+++ GIVEN INFORMATION +++
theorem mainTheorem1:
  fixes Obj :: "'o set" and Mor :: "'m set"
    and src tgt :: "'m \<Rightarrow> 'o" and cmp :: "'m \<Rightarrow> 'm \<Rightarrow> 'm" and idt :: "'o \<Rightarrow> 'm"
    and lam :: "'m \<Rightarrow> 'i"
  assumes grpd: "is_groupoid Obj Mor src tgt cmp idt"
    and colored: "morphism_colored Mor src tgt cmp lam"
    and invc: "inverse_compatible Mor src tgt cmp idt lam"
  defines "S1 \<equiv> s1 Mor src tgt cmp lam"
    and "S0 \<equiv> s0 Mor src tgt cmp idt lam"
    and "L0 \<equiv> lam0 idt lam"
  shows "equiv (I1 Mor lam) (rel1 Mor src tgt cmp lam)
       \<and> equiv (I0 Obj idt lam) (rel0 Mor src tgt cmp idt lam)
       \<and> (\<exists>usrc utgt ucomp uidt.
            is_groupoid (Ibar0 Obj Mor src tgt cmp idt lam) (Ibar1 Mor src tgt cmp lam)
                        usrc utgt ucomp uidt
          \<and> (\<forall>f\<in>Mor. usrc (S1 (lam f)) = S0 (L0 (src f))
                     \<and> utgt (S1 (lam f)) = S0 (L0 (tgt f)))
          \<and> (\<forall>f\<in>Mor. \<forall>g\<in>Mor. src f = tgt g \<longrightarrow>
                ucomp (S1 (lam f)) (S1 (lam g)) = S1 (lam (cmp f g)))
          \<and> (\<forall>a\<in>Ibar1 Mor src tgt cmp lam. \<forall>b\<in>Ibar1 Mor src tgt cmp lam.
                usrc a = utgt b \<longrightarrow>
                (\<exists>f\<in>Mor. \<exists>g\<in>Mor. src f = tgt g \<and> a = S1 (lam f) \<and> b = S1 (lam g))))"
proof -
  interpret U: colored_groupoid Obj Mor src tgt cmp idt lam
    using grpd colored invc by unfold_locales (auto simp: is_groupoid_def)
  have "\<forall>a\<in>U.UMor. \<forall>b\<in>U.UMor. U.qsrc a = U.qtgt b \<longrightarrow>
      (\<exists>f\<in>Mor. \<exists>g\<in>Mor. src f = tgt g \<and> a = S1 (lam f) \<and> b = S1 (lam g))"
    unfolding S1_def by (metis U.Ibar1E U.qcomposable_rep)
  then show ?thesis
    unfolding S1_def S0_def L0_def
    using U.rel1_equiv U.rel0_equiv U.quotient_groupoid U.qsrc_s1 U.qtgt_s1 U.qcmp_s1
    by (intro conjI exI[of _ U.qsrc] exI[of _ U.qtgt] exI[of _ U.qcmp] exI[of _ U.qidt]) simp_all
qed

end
+++
Take the listing above and repeat exactly the lines from the one containing "is_groupoid (Ibar0 Obj" through the one containing "(L0 (tgt f)))", both included.

            is_groupoid (Ibar0 Obj Mor src tgt cmp idt lam) (Ibar1 Mor src tgt cmp lam)
                        usrc utgt ucomp uidt
          \<and> (\<forall>f\<in>Mor. usrc (S1 (lam f)) = S0 (L0 (src f))
                     \<and> utgt (S1 (lam f)) = S0 (L0 (tgt f)))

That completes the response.